PyTorch validation example
Once the environment variables are set, run the following (PyTorch + Qwen3‑0.6B) in the VM:
pip install modelscope packaging transformers accelerate
cat << 'EOF' >> test-qwen.py
from modelscope import AutoModelForCausalLM, AutoTokenizer
model_name = "Qwen/Qwen3-0.6B"
tokenizer = AutoTokenizer.from_pretrained(model_name)
model = AutoModelForCausalLM.from_pretrained(
model_name,
torch_dtype="auto",
device_map="cuda:0"
)
prompt = "Give me a short introduction to large language model."
messages = [
{"role": "user", "content": prompt}
]
text = tokenizer.apply_chat_template(
messages,
tokenize=False,
add_generation_prompt=True,
enable_thinking=True
)
model_inputs = tokenizer([text], return_tensors="pt").to(model.device)
generated_ids = model.generate(
**model_inputs,
max_new_tokens=32768
)
output_ids = generated_ids[0][len(model_inputs.input_ids[0]):].tolist()
try:
# rindex finding 151668 (</think>)
index = len(output_ids) - output_ids[::-1].index(151668)
except ValueError:
index = 0
thinking_content = tokenizer.decode(output_ids[:index], skip_special_tokens=True).strip("\n")

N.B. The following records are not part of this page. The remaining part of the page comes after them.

lemma primitive_bezout:
  fixes a :: "int^'n" and b :: int
  assumes "primitive a b"
  shows "\<exists>w s. (\<forall>j. w $ j \<in> \<int>) \<and> s \<in> \<int> \<and> rvec a \<bullet> w - of_int b * s = 1"
proof -
  define G where "G = Gcd_fin (range (($) a))"
  have "\<exists>w. (\<Sum>j\<in>UNIV. a $ j * w j) = G"
    using exists_sum_mult_eq_Gcd_fin[of UNIV "($) a"] unfolding G_def by simp
  then obtain w where w: "(\<Sum>j\<in>UNIV. a $ j * w j) = G" by blast
  have "gcd G b dvd a $ j" for j
    unfolding G_def by (meson Gcd_fin_dvd dvd_trans gcd_dvd1 rangeI)
  then have "is_unit (gcd G b)"
    using assms gcd_dvd2[of G b] unfolding primitive_def by blast
  then have "gcd G b = 1" by simp
  then obtain p q where pq: "p * G + q * b = 1"
    using bezout_int[of G b] by auto
  define w' :: "real^'n" where "w' = (\<chi> j. of_int (p * w j))"
  have "rvec a \<bullet> w' = of_int (p * G)"
    unfolding rvec_def inner_vec_def inner_real_def w'_def w[symmetric]
    by (simp add: sum_distrib_left mult.left_commute)
  then have "rvec a \<bullet> w' - of_int b * of_int (- q) = 1"
    using pq by (simp add: algebra_simps flip: of_int_mult of_int_add)
  moreover have "\<forall>j. w' $ j \<in> \<int>" by (simp add: w'_def)
  ultimately show ?thesis by (intro exI[of _ w'] exI[of _ "of_int (- q)"]) simp
qed

lemma exists_integral_strict_solution:
  fixes x :: "real^'n" and \<alpha> :: "'i \<Rightarrow> real^'n" and \<beta> :: "'i \<Rightarrow> real"
  assumes fin: "finite I" and strict: "\<And>i. i \<in> I \<Longrightarrow> \<beta> i < \<alpha> i \<bullet> x"
  shows "\<exists>z q. (\<forall>j. z $ j \<in> \<int>) \<and> q \<in> \<int> \<and> 1 \<le> q \<and> (\<forall>i\<in>I. \<beta> i * q < \<alpha> i \<bullet> z)"
proof -
  define r where "r i = (\<Sum>j\<in>UNIV. \<bar>\<alpha> i $ j\<bar>) / (\<alpha> i \<bullet> x - \<beta> i)" for i
  define n :: nat where "n = nat \<lceil>\<Sum>i\<in>I. r i\<rceil> + 1"
  have r_less: "r i < real n" if "i \<in> I" for i
  proof -
    have "r i \<le> (\<Sum>i\<in>I. r i)"
      using fin that strict by (intro member_le_sum) (auto simp: r_def less_imp_le)
    also have "\<dots> < real n"
      using real_nat_ceiling_ge[of "\<Sum>i\<in>I. r i"] unfolding n_def by simp
    finally show ?thesis .
  qed
  (* rounding n x moves \<alpha> i \<bullet> (n x) by at most \<Sum>j |\<alpha> i $ j|, which is < n (\<alpha> i \<bullet> x - \<beta> i) *)
  define z :: "real^'n" where "z = (\<chi> j. of_int \<lfloor>real n * x $ j\<rfloor>)"
  have round: "\<bar>z $ j - real n * x $ j\<bar> \<le> 1" for j
    using of_int_floor_le[of "real n * x $ j"] real_of_int_floor_add_one_gt[of "real n * x $ j"]
    unfolding z_def vec_lambda_beta abs_le_iff by linarith
  have "\<beta> i * real n < \<alpha> i \<bullet> z" if i: "i \<in> I" for i
  proof -
    have "\<alpha> i \<bullet> z - \<beta> i * real n
        = real n * (\<alpha> i \<bullet> x - \<beta> i) + (\<Sum>j\<in>UNIV. \<alpha> i $ j * (z $ j - real n * x $ j))"
      unfolding inner_vec_def inner_real_def
      by (simp add: algebra_simps sum_subtractf sum_distrib_left)
    moreover have "\<bar>\<Sum>j\<in>UNIV. \<alpha> i $ j * (z $ j - real n * x $ j)\<bar> \<le> (\<Sum>j\<in>UNIV. \<bar>\<alpha> i $ j\<bar>)"
      using round by (intro order_trans[OF sum_abs] sum_mono) (simp add: abs_mult mult_left_le)
    moreover have "(\<Sum>j\<in>UNIV. \<bar>\<alpha> i $ j\<bar>) < real n * (\<alpha> i \<bullet> x - \<beta> i)"
      using r_less[OF i] strict[OF i] by (simp add: r_def pos_divide_less_eq mult.commute)
    ultimately show ?thesis by (simp add: abs_le_iff)
  qed
  moreover have "\<forall>j. z $ j \<in> \<int>" unfolding z_def by simp
  ultimately show ?thesis
    by (intro exI[of _ z] exI[of _ "real n"]) (auto simp: n_def)
qed

lemma bounded_polyhedron_recession_eq_0:
  fixes A :: "'i \<Rightarrow> real^'n"
  assumes P: "P = {x. \<forall>i\<in>I. c i \<le> A i \<bullet> x}" and "bounded P" and x0: "x0 \<in> P"
    and y: "\<forall>i\<in>I. 0 \<le> A i \<bullet> y"
  shows "y = 0"
proof (rule ccontr)
  assume "y \<noteq> 0"
  obtain B where B: "\<And>x. x \<in> P \<Longrightarrow> norm x \<le> B"
    using \<open>bounded P\<close> unfolding bounded_iff by blast
  define s where "s = (B + norm x0 + 1) / norm y"
  have "0 \<le> B + norm x0 + 1" using B[OF x0] norm_ge_zero[of x0] by linarith
  then have s: "0 \<le> s" "norm (s *\<^sub>R y) = B + norm x0 + 1"
    using \<open>y \<noteq> 0\<close> by (simp_all add: s_def)
  have "x0 + s *\<^sub>R y \<in> P"
    using x0 y s(1) unfolding P by (auto simp: inner_add_right intro: add_increasing2)
  then have "norm (x0 + s *\<^sub>R y) \<le> B" by (rule B)
  moreover have "norm (s *\<^sub>R y) \<le> norm (x0 + s *\<^sub>R y) + norm x0"
    using norm_triangle_ineq4[of "x0 + s *\<^sub>R y" x0] by simp
  ultimately show False using s(2) by linarith
qed

lemma coneP_polyhedron:
  fixes A :: "'i \<Rightarrow> real^'n"
  assumes P: "P = {x. \<forall>i\<in>I. c i \<le> A i \<bullet> x}" and "bounded P" and "P \<noteq> {}"
  shows "coneP P = {(y, t). 0 \<le> t \<and> (\<forall>i\<in>I. c i * t \<le> A i \<bullet> y)}" (is "_ = ?K")
  unfolding coneP_def
proof
  have "convex_cone ?K"
    unfolding convex_cone_iff
    by (auto simp: zero_prod_def inner_add_right inner_scaleR_right distrib_left
        mult.left_commute intro: add_mono mult_left_mono)
  moreover have "(\<lambda>x. (x, 1)) ` P \<subseteq> ?K" by (auto simp: P)
  ultimately show "convex_cone hull ((\<lambda>x. (x, 1)) ` P) \<subseteq> ?K"
    by (rule hull_minimal[rotated])
next
  show "?K \<subseteq> convex_cone hull ((\<lambda>x. (x, 1)) ` P)"
  proof clarify
    fix y t assume t: "0 \<le> t" and yt: "\<forall>i\<in>I. c i * t \<le> A i \<bullet> y"
    show "(y, t) \<in> convex_cone hull ((\<lambda>x. (x, 1)) ` P)"
    proof (cases "t = 0")
      case True
      obtain x0 where "x0 \<in> P" using \<open>P \<noteq> {}\<close> by blast
      then have "y = 0"
        using yt True by (intro bounded_polyhedron_recession_eq_0[OF P \<open>bounded P\<close>]) auto
      then show ?thesis
        using True convex_cone_hull_contains_0[of "(\<lambda>x. (x, 1)) ` P"]
        by (simp add: zero_prod_def)
    next
      case False
      then have "(1 / t) *\<^sub>R y \<in> P"
        using t yt by (auto simp: P field_simps)
      then have "t *\<^sub>R ((1 / t) *\<^sub>R y, 1::real) \<in> convex_cone hull ((\<lambda>x. (x, 1)) ` P)"
        using t by (intro convex_cone_hull_mul hull_inc) auto
      then show ?thesis using False by simp
    qed
  qed
qed

definition slack :: "('i \<Rightarrow> real^'n) \<Rightarrow> ('i \<Rightarrow> real) \<Rightarrow> 'i \<Rightarrow> real^'n \<Rightarrow> real \<Rightarrow> real"
  where "slack A c i z t = A i \<bullet> z - c i * t"

lemma slack_lincomb:
  "slack A c i (\<alpha> *\<^sub>R z + \<beta> *\<^sub>R z') (\<alpha> * t + \<beta> * t') = \<alpha> * slack A c i z t + \<beta> * slack A c i z' t'"
  unfolding slack_def by (simp add: inner_add_right algebra_simps)

lemma slack_Ints:
  assumes "\<forall>i j. A i $ j \<in> \<int>" "\<forall>i. c i \<in> \<int>" "\<forall>j. z $ j \<in> \<int>" "t \<in> \<int>"
  shows "slack A c i z t \<in> \<int>"
  unfolding slack_def inner_vec_def inner_real_def using assms
  by (intro Ints_diff Ints_mult Ints_sum) auto

lemma Ints_ge_1: "(x::real) \<in> \<int> \<Longrightarrow> 0 < x \<Longrightarrow> 1 \<le> x"
  using Ints_nonzero_abs_ge1[of x] by simp

lemma polyhedron_interior_strict:
  fixes A :: "'i \<Rightarrow> real^'n"
  assumes P: "P = {x. \<forall>i\<in>I. c i \<le> A i \<bullet> x}" and x: "x \<in> interior P" and i: "i \<in> I"
    and nontrivial: "A i \<noteq> 0 \<or> c i \<noteq> 0"
  shows "c i < A i \<bullet> x"
proof -
  obtain e where e: "0 < e" "ball x e \<subseteq> P" using x mem_interior by blast
  show ?thesis
  proof (cases "A i = 0")
    case True
    have "c i \<le> A i \<bullet> x" using interior_subset[of P] x i unfolding P by blast
    then show ?thesis using True nontrivial by simp
  next
    case False
    define x' where "x' = x - (e / 2 / norm (A i)) *\<^sub>R A i"
    have "dist x x' = e / 2" using False e unfolding x'_def dist_norm by simp
    then have "x' \<in> P" using e by auto
    then have "c i \<le> A i \<bullet> x'" using i unfolding P by blast
    also have "A i \<bullet> x' = A i \<bullet> x - e / 2 * norm (A i)"
      using False unfolding x'_def
      by (simp add: inner_diff_right power2_norm_eq_inner[symmetric] power2_eq_square)
    finally have "c i \<le> A i \<bullet> x - e / 2 * norm (A i)" .
    moreover have "0 < e / 2 * norm (A i)" using False e by simp
    ultimately show ?thesis by linarith
  qed
qed

lemma exists_point_beyond_facet:
  fixes A :: "'i \<Rightarrow> real^'n"
  assumes x1: "\<forall>i\<in>I. c i < A i \<bullet> x1" and k: "k \<in> I"
    and y: "\<forall>i\<in>I - {k}. c i \<le> A i \<bullet> y" "A k \<bullet> y < c k"
  shows "\<exists>x. A k \<bullet> x < c k \<and> (\<forall>i\<in>I - {k}. c i < A i \<bullet> x)"
proof -
  define \<epsilon> where "\<epsilon> = (c k - A k \<bullet> y) / (A k \<bullet> x1 - A k \<bullet> y) / 2"
  have \<epsilon>: "0 < \<epsilon>" "\<epsilon> < 1" "\<epsilon> * (A k \<bullet> x1 - A k \<bullet> y) = (c k - A k \<bullet> y) / 2"
    using x1 k y(2) unfolding \<epsilon>_def by (auto simp: field_simps)
  define x where "x = y + \<epsilon> *\<^sub>R (x1 - y)"
  have x: "A i \<bullet> x = (1 - \<epsilon>) * (A i \<bullet> y) + \<epsilon> * (A i \<bullet> x1)" for i
    unfolding x_def by (simp add: inner_add_right inner_diff_right algebra_simps)
  have "A k \<bullet> x < c k"
    using \<epsilon>(3) y(2) unfolding x by (simp add: algebra_simps)
  moreover have "c i < A i \<bullet> x" if "i \<in> I - {k}" for i
  proof -
    have "(1 - \<epsilon>) * c i \<le> (1 - \<epsilon>) * (A i \<bullet> y)" using y(1) that \<epsilon> by (intro mult_left_mono) auto
    moreover have "\<epsilon> * c i < \<epsilon> * (A i \<bullet> x1)" using x1 that \<epsilon> by (intro mult_strict_left_mono) auto
    ultimately show ?thesis unfolding x by (simp add: algebra_simps)
  qed
  ultimately show ?thesis by blast
qed
(* In the setting below, suppose $u(s,t,q)=l(s,t)U(q)$, $v(s,t,q)=m(s,t)V(q)$, $w(s,t,q)=n(s,t)W(q)$, $x(s,t,q)=p(s,t)X(q)$ with all factors of class $C^1$, and assume $U(q_0)=U'(q_0)=V(q_0)=V'(q_0)=0$. Then $\mathbf r$ is an isogeodesic of $\mathbf P$ at $(t_0,q_0)$ if and only if for all $s\in[L_1,L_2]$: $$n(s,t_0)W(q_0)=0,\qquad p(s,t_0)X(q_0)=0,$$ $$\frac{\partial n}{\partial t}(s,t_0)\,W(q_0)\,p(s,t_0)\,X'(q_0)-n(s,t_0)\,W'(q_0)\,\frac{\partial p}{\partial t}(s,t_0)\,X(q_0)\neq0.$$
   Context: $\mathbf r:[L_1,L_2]\to\mathbb R^4$ is an arc-length curve with Frenet frame $\{\mathbf T,\mathbf N,\mathbf B_1,\mathbf B_2\}$ (orthonormal, $\mathbf T=\mathbf r'$, $\mathbf T'=k_1\mathbf N$, $\mathbf N'=-k_1\mathbf T+k_2\mathbf B_1$, $\mathbf B_1'=-k_2\mathbf N+k_3\mathbf B_2$, $\mathbf B_2'=-k_3\mathbf B_1$, $k_1>0$), and $\mathbf P(s,t,q)=\mathbf r(s)+u\mathbf T(s)+v\mathbf N(s)+w\mathbf B_1(s)+x\mathbf B_2(s)$ on $[L_1,L_2]\times[T_1,T_2]\times[Q_1,Q_2]$, with $t_0\in[T_1,T_2]$, $q_0\in[Q_1,Q_2]$ fixed. "$\mathbf r$ is an isogeodesic of $\mathbf P$ at $(t_0,q_0)$" means: $\mathbf P(s,t_0,q_0)=\mathbf r(s)$ for all $s$, $\partial_s\mathbf P,\partial_t\mathbf P,\partial_q\mathbf P$ are linearly independent at $(s,t_0,q_0)$, and $\mathbf N(s)$ is parallel to the normal $\partial_s\mathbf P\otimes\partial_t\mathbf P\otimes\partial_q\mathbf P$ (four-dimensional vector product) at $(s,t_0,q_0)$, for all $s$. *)

theory Defs
  imports "HOL-Analysis.Analysis"
begin

text \<open>Four-dimensional vector product a (x) b (x) c: the vector whose components are the
cofactors of the formal determinant with rows (e_1,...,e_4), a, b, c.
Equivalently, (a (x) b (x) c) . y = det[y; a; b; c] (up to the fixed index ordering of type 4,
which only affects the overall sign).\<close>
definition cross4 :: "real^4 \<Rightarrow> real^4 \<Rightarrow> real^4 \<Rightarrow> real^4" where
  "cross4 a b c = (\<chi> i. det (\<chi> j k. if j = 1 then (if k = i then 1 else 0)
                                   else if j = 2 then a $ k
                                   else if j = 3 then b $ k
                                   else c $ k))"

definition lin_indep3 :: "real^4 \<Rightarrow> real^4 \<Rightarrow> real^4 \<Rightarrow> bool" where
  "lin_indep3 a b c \<longleftrightarrow>
     (\<forall>x y z. x *\<^sub>R a + y *\<^sub>R b + z *\<^sub>R c = 0 \<longrightarrow> x = 0 \<and> y = 0 \<and> z = 0)"

definition parallel :: "real^4 \<Rightarrow> real^4 \<Rightarrow> bool" where
  "parallel a b \<longleftrightarrow> (\<exists>c. a = c *\<^sub>R b) \<or> (\<exists>c. b = c *\<^sub>R a)"

definition C1_on :: "('a::real_normed_vector \<Rightarrow> 'b::real_normed_vector) \<Rightarrow> 'a set \<Rightarrow> bool" where
  "C1_on f S \<longleftrightarrow> (\<exists>f'. (\<forall>z\<in>S. (f has_derivative blinfun_apply (f' z)) (at z within S))
                        \<and> continuous_on S f')"
lemma level_norm_recurrence:
  "(real m + 1 - real r) * level_norm (Suc m) = (real (card P) - real m - real r) * level_norm m"
proof -
  let ?n = "\<lambda>S. hsum S * cnj (hsum S)"
  have norm: "complex_of_real (level_norm k) = (\<Sum>S\<in>{S. {} \<subseteq> S \<and> S \<subseteq> P \<and> card S = k}. ?n S)"
    for k
    unfolding level_norm_def of_real_sum complex_norm_square by simp
  have level: "(\<Sum>b\<in>P - R. hsum R * cnj (hsum (insert b R)))
      = (of_nat (card P) - of_nat m - of_nat r) * ?n R" if "R \<subseteq> P" "card R = m" for R
  proof -
    have "(\<Sum>b\<in>P - R. hsum R * cnj (hsum (insert b R))) = hsum R * cnj (\<Sum>b\<in>P - R. hsum (insert b R))"
      by (simp add: cnj_sum sum_distrib_left)
    then show ?thesis using that by (simp add: hsum_insert_sum)
  qed
  have "(of_nat (card P) - of_nat m - of_nat r) * complex_of_real (level_norm m)
      = (\<Sum>R\<in>{R. {} \<subseteq> R \<and> R \<subseteq> P \<and> card R = m}. \<Sum>b\<in>P - R. hsum R * cnj (hsum (insert b R)))"
    unfolding norm sum_distrib_left by (rule sum.cong) (simp_all add: level)
  also have "\<dots> = (\<Sum>T\<in>{T. {} \<subseteq> T \<and> T \<subseteq> P \<and> card T = Suc m}. \<Sum>a\<in>T. hsum (T - {a}) * cnj (hsum T))"
    using sum_level_insert_reindex[OF finite_P, where U="{}" and g="\<lambda>T R. hsum R * cnj (hsum T)"] by simp
  also have "\<dots> = (of_nat m + 1 - of_nat r) * complex_of_real (level_norm (Suc m))"
    unfolding norm using finite_subset_P
    by (simp add: sum_distrib_left flip: sum_distrib_right) (simp add: hsum_remove_sum algebra_simps)
  finally have "complex_of_real ((real m + 1 - real r) * level_norm (Suc m))
      = complex_of_real ((real (card P) - real m - real r) * level_norm m)"
    by simp
  then show ?thesis by (simp only: of_real_eq_iff)
qed

lemma level_norm_nonneg: "0 \<le> level_norm m"
  unfolding level_norm_def by (rule sum_nonneg) simp

lemma hsum_zero_if_level_norm_zero:
  "level_norm m = 0 \<Longrightarrow> S \<subseteq> P \<Longrightarrow> card S = m \<Longrightarrow> hsum S = 0"
  unfolding level_norm_def using finite_level[of "{}" m] by (simp add: sum_nonneg_eq_0_iff)

lemma h_zero_if_degree_large:
  assumes "card P < 2 * r"
  shows "h T = 0"
proof (rule ccontr)
  assume hT: "h T \<noteq> 0"
  then have T: "T \<subseteq> P" "card T = r" using support by auto
  then have "r \<le> card P" using card_mono[OF finite_P] by auto
  then have eq: "level_norm (Suc r) = (real (card P) - 2 * real r) * level_norm r"
    using level_norm_recurrence[of r] by simp
  have neg: "real (card P) - 2 * real r < 0" using assms by linarith
  have "\<not> level_norm r > 0"
  proof
    assume "level_norm r > 0"
    then have "level_norm (Suc r) < 0" using eq neg by (simp add: mult_neg_pos)
    then show False using level_norm_nonneg[of "Suc r"] by simp
  qed
  then have "level_norm r = 0" using level_norm_nonneg[of r] by simp
  then have "hsum T = 0" using T by (rule hsum_zero_if_level_norm_zero)
  then show False using hT T hsum_at_degree finite_subset_P by simp
qed

lemma hsum_zero_upward:
  assumes "\<And>S. S \<subseteq> P \<Longrightarrow> card S = k \<Longrightarrow> hsum S = 0" "r < k"
  shows "S \<subseteq> P \<Longrightarrow> card S = k + n \<Longrightarrow> hsum S = 0"
proof (induction n arbitrary: S)
  case 0
  then show ?case using assms(1) by simp
next
  case (Suc n)
  have fS: "finite S" using finite_subset_P[OF Suc.prems(1)] .
  have "hsum (S - {a}) = 0" if "a \<in> S" for a
    using Suc.IH[of "S - {a}"] Suc.prems that fS by auto
  then have "(\<Sum>a\<in>S. hsum (S - {a})) = 0" by simp
  then have "(of_nat (card S) - of_nat r) * hsum S = 0" using hsum_remove_sum[OF fS] by simp
  moreover have "card S \<noteq> r" using Suc.prems assms(2) by simp
  ultimately show ?case by simp
qed

lemma hsum_vanishes_above:
  assumes S: "S \<subseteq> P" and card_S: "card P - r < card S"
  shows "hsum S = 0"
proof (cases "card P < 2 * r")
  case True
  then show ?thesis by (simp add: hsum_def h_zero_if_degree_large)
next
  case False
  let ?k = "Suc (card P - r)"
  have "(real (card P) + 1 - 2 * real r) * level_norm ?k = 0"
    using level_norm_recurrence[of "card P - r"] False by (simp add: of_nat_diff algebra_simps)
  moreover have "real (card P) + 1 - 2 * real r \<noteq> 0" using False by linarith
  ultimately have "level_norm ?k = 0" by simp
  then have "hsum S' = 0" if "S' \<subseteq> P" "card S' = ?k" for S'
    using hsum_zero_if_level_norm_zero that by blast
  moreover have "r < ?k" using False by simp
  ultimately show ?thesis using hsum_zero_upward[of ?k S "card S - ?k"] S card_S by simp
qed

lemma hsum_nonzero_level:
  assumes "h T \<noteq> 0" and "r \<le> m" "m \<le> card P - r"
  shows "\<exists>S. S \<subseteq> P \<and> card S = m \<and> hsum S \<noteq> 0"
proof -
  have "\<exists>S. S \<subseteq> P \<and> card S = r + n \<and> hsum S \<noteq> 0" if "r + n \<le> card P - r" for n
    using that
  proof (induction n)
    case 0
    have "T \<subseteq> P" "card T = r" using support assms(1) by auto
    then show ?case using hsum_at_degree finite_subset_P assms(1) by auto
  next
    case (Suc n)
    then obtain S where S: "S \<subseteq> P" "card S = r + n" "hsum S \<noteq> 0" by auto
    have "of_nat (card P) - of_nat (card S) - of_nat r \<noteq> (0::complex)"
    proof
      assume "of_nat (card P) - of_nat (card S) - of_nat r = (0::complex)"
      then have "of_nat (card P) = (of_nat (card S + r) :: complex)"
        by (simp add: algebra_simps eq_diff_eq)
      then have "card P = card S + r" by (simp only: of_nat_eq_iff)
      then show False using S Suc.prems by simp
    qed
    then have "(\<Sum>b\<in>P - S. hsum (insert b S)) \<noteq> 0" using S hsum_insert_sum by simp
    then obtain b where "b \<in> P - S" "hsum (insert b S) \<noteq> 0" by (meson sum.neutral)
    moreover have "card (insert b S) = r + Suc n"
      using calculation S finite_subset_P by auto
    ultimately show ?case using S by (intro exI[of _ "insert b S"]) auto
  qed
  from this[of "m - r"] assms(2,3) show ?thesis by simp
qed

lemma level_sum_below_degree:
  assumes U: "U \<subseteq> P" "card U < r"
  shows "level_sum U m = 0"
proof (induction m)
  case 0
  show ?case using degree_pos finite_subset_P
    by (auto simp: level_sum_def intro!: sum.neutral hsum_below_degree)
next
  case (Suc m)
  show ?case
  proof (cases "Suc m < r")
    case True
    then show ?thesis using finite_subset_P
      by (auto simp: level_sum_def intro!: sum.neutral hsum_below_degree)
  next
    case False
    then have "Suc m \<noteq> card U" using U by simp
    then have "of_nat (Suc m) - of_nat (card U) \<noteq> (0::complex)"
      by (simp only: right_minus_eq of_nat_eq_iff not_False_eq_True)
    then show ?thesis using level_sum_recurrence[OF U(1), of m] Suc.IH by simp
  qed
qed

lemma hsum_swap_sum:
  assumes S: "S \<subseteq> P" "card S = m"
  shows "(\<Sum>a\<in>S. \<Sum>b\<in>P - S. hsum (insert b (S - {a})))
       = ((of_nat (card P) - of_nat m + 1 - of_nat r) * (of_nat m - of_nat r) - of_nat m) * hsum S"
proof -
  have fS: "finite S" using finite_subset_P[OF S(1)] .
  have "(\<Sum>b\<in>P - S. hsum (insert b (S - {a})))
      = (of_nat (card P) - of_nat m + 1 - of_nat r) * hsum (S - {a}) - hsum S" if a: "a \<in> S" for a
  proof -
    have "P - (S - {a}) = insert a (P - S)" using a S by auto
    then have split: "(\<Sum>b\<in>P - (S - {a}). hsum (insert b (S - {a})))
        = hsum S + (\<Sum>b\<in>P - S. hsum (insert b (S - {a})))"
      using finite_P a by (simp add: insert_absorb)
    have "card S \<noteq> 0" using a fS by auto
    then have "of_nat (card (S - {a})) = (of_nat m - 1 :: complex)"
      using a fS S by (simp add: of_nat_diff)
    moreover have "S - {a} \<subseteq> P" using S by auto
    ultimately have "(\<Sum>b\<in>P - (S - {a}). hsum (insert b (S - {a})))
        = (of_nat (card P) - (of_nat m - 1) - of_nat r) * hsum (S - {a})"
      using hsum_insert_sum[of "S - {a}"] by simp
    then show ?thesis using split by (simp add: algebra_simps)
  qed
  then have "(\<Sum>a\<in>S. \<Sum>b\<in>P - S. hsum (insert b (S - {a})))
      = (of_nat (card P) - of_nat m + 1 - of_nat r) * (\<Sum>a\<in>S. hsum (S - {a})) - of_nat m * hsum S"
    using S by (simp add: sum_subtractf sum_distrib_left)
  then show ?thesis using hsum_remove_sum[OF fS] S by (simp add: algebra_simps)
qed

lemma hsum_whole_zero: "hsum P = 0"
  using hsum_insert_sum[of P] degree_pos by simp
text \<open>pi_E(C*(E)): the operator-norm closure of pi_E of the generated *-algebra,
as bounded operators on ell^2(boundary paths).\<close>
definition cstar_image :: "'v set \<Rightarrow> 'e set \<Rightarrow> ('e \<Rightarrow> 'v) \<Rightarrow> ('e \<Rightarrow> 'v)
    \<Rightarrow> ((('v,'e) gpath \<Rightarrow> complex) \<Rightarrow> (('v,'e) gpath \<Rightarrow> complex)) set" where
  "cstar_image V0 E1 r s =
     {a. lin_map_on (l2_space (boundary_paths V0 E1 r s)) (l2_space (boundary_paths V0 E1 r s)) a
       \<and> bounded_on (l2_space (boundary_paths V0 E1 r s)) a
       \<and> (\<forall>\<epsilon>>0. \<exists>b\<in>gen_alg V0 E1 r s. \<forall>x\<in>l2_space (boundary_paths V0 E1 r s).
             l2norm (\<lambda>p. a x p - b x p) \<le> \<epsilon> * l2norm x)}"

definition alg_Hom :: "'v set \<Rightarrow> 'e set \<Rightarrow> ('e \<Rightarrow> 'v) \<Rightarrow> ('e \<Rightarrow> 'v) \<Rightarrow> ('v,'e) gpath \<Rightarrow> ('v,'e) gpath
    \<Rightarrow> ((('v,'e) gpath \<Rightarrow> 'a::field) \<Rightarrow> (('v,'e) gpath \<Rightarrow> 'a)) set" where
  "alg_Hom V0 E1 r s \<alpha> \<beta> = {T. lin_map_on (span_space V0 E1 r s \<alpha>) (span_space V0 E1 r s \<beta>) T
      \<and> (\<forall>a\<in>gen_alg V0 E1 r s. \<forall>x\<in>span_space V0 E1 r s \<alpha>. T (a x) = a (T x))
      \<and> T \<in> extensional (span_space V0 E1 r s \<alpha>)}"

content = tokenizer.decode(output_ids[index:], skip_special_tokens=True).strip("\n")
print("thinking content:", thinking_content)
print("content:", content)
EOF
python3 test-qwen.py
Validation criteria:
- The VM prints normal model outputs.
- On the host, nvidia-smi shows the corresponding inference process and GPU memory usage.